Task description
This exercise asks for a copy of each line in the records below with the word "LINT" in it.
★ ★ ★
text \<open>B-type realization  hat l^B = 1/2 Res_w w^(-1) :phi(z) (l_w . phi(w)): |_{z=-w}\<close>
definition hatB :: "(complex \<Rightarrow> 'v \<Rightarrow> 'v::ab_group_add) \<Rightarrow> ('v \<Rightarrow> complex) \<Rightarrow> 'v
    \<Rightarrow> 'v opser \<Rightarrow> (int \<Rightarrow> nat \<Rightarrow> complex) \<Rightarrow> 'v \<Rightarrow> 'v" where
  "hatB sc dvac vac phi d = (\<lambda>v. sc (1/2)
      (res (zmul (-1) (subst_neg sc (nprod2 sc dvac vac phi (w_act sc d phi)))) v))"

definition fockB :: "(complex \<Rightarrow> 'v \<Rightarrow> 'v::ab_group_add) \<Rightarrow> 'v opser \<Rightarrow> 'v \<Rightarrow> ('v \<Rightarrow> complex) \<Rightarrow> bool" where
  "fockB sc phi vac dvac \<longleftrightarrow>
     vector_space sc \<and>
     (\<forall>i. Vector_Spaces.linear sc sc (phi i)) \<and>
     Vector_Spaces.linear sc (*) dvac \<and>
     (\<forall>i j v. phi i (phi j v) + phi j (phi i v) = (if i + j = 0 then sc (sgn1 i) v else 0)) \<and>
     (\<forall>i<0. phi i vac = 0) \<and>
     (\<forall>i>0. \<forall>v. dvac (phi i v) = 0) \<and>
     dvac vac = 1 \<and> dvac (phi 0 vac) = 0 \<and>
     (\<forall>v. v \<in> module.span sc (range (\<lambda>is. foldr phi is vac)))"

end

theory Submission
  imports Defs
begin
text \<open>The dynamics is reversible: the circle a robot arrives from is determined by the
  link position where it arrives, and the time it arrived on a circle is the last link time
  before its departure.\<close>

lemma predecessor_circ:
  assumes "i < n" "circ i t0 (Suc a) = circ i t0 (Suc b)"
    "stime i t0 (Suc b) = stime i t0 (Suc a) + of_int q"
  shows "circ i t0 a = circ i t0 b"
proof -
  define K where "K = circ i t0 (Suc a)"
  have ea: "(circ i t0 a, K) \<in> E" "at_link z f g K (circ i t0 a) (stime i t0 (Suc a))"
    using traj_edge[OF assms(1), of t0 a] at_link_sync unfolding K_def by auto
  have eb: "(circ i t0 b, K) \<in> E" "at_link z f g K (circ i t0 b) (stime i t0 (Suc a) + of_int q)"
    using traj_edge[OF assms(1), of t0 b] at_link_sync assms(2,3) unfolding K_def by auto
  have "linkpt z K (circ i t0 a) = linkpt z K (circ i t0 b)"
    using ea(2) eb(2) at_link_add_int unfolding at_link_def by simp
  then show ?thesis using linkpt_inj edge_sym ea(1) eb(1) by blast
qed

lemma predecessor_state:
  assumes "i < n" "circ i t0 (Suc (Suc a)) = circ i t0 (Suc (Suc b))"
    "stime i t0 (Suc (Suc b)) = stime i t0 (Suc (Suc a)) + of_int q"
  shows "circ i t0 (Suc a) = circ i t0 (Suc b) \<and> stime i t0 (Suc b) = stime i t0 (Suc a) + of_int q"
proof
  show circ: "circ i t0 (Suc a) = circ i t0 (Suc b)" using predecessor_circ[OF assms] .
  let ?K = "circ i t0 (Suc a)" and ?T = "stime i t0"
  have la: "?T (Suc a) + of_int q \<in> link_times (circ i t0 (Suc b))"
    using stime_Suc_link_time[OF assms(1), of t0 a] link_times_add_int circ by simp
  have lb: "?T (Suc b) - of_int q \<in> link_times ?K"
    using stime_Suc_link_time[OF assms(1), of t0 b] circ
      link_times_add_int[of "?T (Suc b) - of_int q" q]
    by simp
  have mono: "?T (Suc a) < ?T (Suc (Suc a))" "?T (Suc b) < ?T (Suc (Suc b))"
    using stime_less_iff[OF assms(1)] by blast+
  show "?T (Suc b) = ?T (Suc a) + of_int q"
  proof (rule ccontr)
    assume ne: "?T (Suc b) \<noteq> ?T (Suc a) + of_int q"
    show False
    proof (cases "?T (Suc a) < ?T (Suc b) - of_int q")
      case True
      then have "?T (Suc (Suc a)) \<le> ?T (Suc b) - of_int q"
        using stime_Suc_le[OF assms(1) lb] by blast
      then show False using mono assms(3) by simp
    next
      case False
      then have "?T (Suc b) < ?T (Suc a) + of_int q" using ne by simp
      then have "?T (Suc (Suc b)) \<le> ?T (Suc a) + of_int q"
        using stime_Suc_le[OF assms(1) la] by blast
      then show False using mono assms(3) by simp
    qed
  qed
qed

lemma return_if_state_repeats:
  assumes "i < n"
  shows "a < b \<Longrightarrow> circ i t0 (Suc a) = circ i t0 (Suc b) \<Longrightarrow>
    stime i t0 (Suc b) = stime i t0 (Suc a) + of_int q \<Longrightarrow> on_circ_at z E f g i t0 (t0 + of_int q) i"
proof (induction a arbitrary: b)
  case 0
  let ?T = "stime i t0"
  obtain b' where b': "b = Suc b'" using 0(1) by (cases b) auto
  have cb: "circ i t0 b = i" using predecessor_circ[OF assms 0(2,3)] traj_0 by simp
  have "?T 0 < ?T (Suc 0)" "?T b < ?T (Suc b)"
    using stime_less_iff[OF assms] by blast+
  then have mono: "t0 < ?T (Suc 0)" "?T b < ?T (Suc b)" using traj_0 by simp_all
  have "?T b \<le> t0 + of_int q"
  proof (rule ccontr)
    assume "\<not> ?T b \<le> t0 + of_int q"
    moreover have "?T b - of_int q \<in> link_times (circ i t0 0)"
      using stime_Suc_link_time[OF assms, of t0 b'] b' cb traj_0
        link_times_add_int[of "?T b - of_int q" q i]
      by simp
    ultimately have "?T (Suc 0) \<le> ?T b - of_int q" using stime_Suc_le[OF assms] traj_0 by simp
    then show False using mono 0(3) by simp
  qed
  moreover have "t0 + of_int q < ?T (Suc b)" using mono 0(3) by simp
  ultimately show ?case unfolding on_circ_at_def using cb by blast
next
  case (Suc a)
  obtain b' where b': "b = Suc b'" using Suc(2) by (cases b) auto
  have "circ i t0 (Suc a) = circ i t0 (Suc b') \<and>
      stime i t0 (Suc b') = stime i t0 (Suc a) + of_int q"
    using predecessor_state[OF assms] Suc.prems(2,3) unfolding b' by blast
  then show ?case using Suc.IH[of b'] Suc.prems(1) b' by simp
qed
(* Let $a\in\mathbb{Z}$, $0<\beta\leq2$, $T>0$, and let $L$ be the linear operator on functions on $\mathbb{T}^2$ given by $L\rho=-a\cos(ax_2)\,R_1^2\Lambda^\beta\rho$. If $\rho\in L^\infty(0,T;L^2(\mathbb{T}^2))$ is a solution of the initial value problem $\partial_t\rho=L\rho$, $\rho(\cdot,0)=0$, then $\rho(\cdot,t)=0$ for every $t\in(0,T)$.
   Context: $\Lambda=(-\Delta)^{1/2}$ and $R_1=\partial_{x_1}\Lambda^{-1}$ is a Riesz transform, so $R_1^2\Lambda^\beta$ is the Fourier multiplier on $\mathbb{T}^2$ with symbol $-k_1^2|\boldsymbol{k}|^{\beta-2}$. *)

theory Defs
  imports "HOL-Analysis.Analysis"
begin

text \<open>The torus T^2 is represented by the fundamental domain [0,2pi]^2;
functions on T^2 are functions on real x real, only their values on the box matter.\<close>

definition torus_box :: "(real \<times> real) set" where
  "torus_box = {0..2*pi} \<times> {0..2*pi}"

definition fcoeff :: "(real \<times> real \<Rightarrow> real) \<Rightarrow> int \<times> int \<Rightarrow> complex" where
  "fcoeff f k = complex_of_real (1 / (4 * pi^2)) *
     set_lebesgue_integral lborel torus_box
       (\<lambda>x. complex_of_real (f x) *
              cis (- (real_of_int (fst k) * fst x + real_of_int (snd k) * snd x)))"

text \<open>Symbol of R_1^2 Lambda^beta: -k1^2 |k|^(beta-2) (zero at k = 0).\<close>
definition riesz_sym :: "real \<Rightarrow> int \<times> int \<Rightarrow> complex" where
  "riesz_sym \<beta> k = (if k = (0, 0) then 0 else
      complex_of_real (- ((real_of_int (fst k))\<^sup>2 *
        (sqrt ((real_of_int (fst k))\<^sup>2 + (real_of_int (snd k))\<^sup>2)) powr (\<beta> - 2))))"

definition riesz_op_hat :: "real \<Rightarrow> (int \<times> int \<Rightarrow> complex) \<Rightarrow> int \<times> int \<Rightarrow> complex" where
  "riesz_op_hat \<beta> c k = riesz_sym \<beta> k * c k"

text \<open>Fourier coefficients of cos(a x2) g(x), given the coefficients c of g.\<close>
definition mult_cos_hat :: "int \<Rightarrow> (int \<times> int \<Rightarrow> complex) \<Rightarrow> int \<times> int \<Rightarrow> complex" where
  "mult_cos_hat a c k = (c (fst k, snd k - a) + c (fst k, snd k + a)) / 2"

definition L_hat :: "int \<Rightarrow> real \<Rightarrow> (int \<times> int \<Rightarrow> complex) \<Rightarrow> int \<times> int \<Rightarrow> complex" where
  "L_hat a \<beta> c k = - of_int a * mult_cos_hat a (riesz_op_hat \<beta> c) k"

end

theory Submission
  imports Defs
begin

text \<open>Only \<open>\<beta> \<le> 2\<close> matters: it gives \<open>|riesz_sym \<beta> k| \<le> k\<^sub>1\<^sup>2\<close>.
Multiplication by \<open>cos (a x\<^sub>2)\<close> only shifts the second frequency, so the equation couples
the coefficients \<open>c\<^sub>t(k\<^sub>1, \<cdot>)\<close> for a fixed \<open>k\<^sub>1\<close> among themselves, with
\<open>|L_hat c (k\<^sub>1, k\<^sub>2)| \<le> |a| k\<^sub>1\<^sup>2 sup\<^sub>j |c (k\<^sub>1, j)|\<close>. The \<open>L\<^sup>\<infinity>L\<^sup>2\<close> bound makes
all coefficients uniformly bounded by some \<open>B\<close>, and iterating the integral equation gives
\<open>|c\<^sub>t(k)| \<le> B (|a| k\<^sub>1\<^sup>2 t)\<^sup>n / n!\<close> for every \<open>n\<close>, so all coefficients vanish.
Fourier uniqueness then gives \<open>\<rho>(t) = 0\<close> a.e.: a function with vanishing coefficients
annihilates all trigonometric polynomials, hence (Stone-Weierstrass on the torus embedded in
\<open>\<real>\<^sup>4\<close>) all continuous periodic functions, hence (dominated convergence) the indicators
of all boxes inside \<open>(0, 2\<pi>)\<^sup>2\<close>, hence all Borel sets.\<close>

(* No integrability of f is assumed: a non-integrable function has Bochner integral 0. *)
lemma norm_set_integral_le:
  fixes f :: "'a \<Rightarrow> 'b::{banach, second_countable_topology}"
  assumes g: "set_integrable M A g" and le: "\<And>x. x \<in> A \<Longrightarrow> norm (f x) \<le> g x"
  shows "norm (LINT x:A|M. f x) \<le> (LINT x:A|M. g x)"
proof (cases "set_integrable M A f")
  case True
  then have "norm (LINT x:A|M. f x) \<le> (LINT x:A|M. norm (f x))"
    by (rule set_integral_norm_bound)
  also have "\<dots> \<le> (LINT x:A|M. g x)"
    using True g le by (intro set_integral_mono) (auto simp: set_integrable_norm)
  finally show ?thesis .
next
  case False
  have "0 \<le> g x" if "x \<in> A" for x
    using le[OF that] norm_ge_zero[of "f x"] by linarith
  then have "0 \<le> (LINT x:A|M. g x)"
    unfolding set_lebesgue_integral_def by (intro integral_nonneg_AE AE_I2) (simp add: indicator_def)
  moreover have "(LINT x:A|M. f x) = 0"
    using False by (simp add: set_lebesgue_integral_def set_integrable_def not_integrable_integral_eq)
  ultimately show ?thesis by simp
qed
★ ★ ★
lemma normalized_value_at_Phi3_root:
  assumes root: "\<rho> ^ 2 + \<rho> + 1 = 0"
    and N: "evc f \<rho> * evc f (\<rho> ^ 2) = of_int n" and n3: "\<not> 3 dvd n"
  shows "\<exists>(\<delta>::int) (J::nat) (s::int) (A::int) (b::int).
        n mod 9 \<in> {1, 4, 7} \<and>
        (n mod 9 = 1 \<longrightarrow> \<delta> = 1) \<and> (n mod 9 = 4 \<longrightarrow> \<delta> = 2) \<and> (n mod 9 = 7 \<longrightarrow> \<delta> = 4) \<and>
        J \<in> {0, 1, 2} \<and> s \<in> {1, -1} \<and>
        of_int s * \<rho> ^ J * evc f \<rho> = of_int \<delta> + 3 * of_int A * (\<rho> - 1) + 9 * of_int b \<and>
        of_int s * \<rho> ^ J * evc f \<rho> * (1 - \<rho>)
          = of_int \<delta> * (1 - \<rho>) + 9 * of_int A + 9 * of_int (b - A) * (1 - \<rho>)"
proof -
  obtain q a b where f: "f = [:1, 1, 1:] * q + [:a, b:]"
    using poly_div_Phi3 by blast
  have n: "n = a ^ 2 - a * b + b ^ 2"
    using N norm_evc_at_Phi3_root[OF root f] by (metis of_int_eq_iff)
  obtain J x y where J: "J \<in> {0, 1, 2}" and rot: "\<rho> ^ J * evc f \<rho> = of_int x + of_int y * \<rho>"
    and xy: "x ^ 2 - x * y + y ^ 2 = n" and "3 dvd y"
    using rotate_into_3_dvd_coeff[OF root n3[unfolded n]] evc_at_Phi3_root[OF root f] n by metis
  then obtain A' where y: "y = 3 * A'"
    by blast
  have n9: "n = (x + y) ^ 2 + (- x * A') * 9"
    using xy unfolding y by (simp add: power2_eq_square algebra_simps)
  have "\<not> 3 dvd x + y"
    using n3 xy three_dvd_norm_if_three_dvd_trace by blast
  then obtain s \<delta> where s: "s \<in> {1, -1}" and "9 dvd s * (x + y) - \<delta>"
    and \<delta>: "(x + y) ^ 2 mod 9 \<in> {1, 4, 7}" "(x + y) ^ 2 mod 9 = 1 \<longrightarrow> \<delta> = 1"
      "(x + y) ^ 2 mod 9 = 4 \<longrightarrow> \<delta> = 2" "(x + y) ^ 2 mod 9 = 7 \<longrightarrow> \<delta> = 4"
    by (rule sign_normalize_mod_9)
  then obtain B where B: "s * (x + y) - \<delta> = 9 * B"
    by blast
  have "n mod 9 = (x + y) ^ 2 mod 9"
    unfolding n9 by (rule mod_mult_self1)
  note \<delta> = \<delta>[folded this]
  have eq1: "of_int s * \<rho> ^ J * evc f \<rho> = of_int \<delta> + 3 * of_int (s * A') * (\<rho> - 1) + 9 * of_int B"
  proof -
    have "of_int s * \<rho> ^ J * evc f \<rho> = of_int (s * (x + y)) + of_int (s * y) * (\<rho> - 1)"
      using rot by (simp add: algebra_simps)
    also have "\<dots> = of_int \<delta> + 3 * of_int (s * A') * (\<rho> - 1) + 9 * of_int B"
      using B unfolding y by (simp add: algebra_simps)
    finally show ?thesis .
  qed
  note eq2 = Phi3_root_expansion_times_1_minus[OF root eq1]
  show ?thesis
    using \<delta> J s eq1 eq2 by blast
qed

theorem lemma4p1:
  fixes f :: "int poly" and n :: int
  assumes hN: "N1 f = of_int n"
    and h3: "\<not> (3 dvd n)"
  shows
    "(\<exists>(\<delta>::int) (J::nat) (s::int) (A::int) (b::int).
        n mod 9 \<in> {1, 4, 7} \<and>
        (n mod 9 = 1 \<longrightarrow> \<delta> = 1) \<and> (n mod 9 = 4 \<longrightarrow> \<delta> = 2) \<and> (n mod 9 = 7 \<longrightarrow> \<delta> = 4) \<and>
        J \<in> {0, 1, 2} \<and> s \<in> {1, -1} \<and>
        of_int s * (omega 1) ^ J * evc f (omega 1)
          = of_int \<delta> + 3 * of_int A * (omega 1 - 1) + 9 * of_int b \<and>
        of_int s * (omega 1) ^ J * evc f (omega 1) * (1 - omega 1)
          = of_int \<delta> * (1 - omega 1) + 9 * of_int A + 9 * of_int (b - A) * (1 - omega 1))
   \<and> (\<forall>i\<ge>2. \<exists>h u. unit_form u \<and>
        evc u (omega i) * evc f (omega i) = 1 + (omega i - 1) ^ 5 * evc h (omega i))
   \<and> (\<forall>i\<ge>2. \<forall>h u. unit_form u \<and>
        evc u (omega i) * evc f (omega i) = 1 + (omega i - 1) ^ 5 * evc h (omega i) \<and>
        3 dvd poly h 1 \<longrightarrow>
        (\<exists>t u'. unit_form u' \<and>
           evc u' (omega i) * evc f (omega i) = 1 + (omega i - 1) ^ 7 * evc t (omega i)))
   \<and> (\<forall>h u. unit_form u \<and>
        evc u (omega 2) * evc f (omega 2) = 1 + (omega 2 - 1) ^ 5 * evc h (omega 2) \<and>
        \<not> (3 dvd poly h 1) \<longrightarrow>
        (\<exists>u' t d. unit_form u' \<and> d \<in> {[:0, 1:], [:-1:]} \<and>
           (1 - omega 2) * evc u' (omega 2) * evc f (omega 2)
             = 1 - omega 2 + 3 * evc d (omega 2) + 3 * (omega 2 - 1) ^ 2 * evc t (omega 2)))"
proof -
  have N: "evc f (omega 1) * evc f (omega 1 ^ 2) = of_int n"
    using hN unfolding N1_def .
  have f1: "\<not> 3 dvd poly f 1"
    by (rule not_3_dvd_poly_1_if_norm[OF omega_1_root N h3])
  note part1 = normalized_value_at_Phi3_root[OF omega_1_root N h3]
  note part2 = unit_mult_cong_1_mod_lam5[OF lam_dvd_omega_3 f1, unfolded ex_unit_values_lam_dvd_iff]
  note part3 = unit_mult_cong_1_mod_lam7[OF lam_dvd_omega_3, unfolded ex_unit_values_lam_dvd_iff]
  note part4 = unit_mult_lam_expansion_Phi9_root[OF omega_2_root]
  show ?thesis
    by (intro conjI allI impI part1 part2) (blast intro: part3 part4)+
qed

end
★ ★ ★
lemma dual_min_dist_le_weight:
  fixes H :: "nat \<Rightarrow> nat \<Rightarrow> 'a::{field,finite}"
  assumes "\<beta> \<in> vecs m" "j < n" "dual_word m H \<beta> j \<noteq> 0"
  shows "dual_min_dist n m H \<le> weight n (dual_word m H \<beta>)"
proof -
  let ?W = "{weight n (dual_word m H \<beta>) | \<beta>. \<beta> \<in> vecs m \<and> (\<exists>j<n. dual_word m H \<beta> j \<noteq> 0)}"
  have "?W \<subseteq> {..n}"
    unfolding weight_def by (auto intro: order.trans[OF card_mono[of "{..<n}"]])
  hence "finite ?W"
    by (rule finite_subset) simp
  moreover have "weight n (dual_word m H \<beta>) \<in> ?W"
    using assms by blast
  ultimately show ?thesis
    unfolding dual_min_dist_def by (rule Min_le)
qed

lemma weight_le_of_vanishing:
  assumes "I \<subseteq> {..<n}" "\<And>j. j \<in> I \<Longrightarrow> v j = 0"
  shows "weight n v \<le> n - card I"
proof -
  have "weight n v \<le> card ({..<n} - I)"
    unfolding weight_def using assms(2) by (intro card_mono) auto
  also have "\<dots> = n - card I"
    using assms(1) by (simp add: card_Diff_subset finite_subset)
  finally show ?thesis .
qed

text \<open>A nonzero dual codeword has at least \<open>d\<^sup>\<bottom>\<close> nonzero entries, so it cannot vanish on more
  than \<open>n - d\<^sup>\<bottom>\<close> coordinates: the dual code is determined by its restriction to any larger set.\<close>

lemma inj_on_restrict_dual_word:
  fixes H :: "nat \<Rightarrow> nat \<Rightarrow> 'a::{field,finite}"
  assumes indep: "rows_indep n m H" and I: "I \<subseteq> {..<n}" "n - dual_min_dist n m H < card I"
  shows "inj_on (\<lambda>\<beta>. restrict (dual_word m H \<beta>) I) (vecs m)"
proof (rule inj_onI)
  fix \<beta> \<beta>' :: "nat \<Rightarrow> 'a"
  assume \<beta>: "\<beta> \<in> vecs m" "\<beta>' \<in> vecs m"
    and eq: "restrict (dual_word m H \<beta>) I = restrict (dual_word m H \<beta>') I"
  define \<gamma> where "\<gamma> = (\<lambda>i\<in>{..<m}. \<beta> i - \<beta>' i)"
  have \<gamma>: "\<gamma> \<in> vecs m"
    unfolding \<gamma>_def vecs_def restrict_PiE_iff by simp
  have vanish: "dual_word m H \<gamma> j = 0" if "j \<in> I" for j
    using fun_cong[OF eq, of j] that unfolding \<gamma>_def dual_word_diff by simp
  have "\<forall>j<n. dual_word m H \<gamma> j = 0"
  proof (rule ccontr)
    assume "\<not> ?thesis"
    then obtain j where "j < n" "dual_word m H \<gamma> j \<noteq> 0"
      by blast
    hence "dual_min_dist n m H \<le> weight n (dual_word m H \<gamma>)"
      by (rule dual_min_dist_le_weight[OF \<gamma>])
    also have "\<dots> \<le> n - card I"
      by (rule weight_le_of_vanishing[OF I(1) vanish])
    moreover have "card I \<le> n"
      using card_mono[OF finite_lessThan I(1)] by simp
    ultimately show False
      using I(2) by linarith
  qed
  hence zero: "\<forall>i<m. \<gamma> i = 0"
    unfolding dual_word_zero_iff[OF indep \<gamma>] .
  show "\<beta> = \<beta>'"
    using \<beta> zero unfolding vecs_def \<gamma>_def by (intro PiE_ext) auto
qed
★ ★ ★
Output of the task
  shows "norm (LINT x:A|M. f x) \<le> (LINT x:A|M. g x)"
  then have "norm (LINT x:A|M. f x) \<le> (LINT x:A|M. norm (f x))"
  also have "\<dots> \<le> (LINT x:A|M. g x)"
  then have "0 \<le> (LINT x:A|M. g x)"
  moreover have "(LINT x:A|M. f x) = 0"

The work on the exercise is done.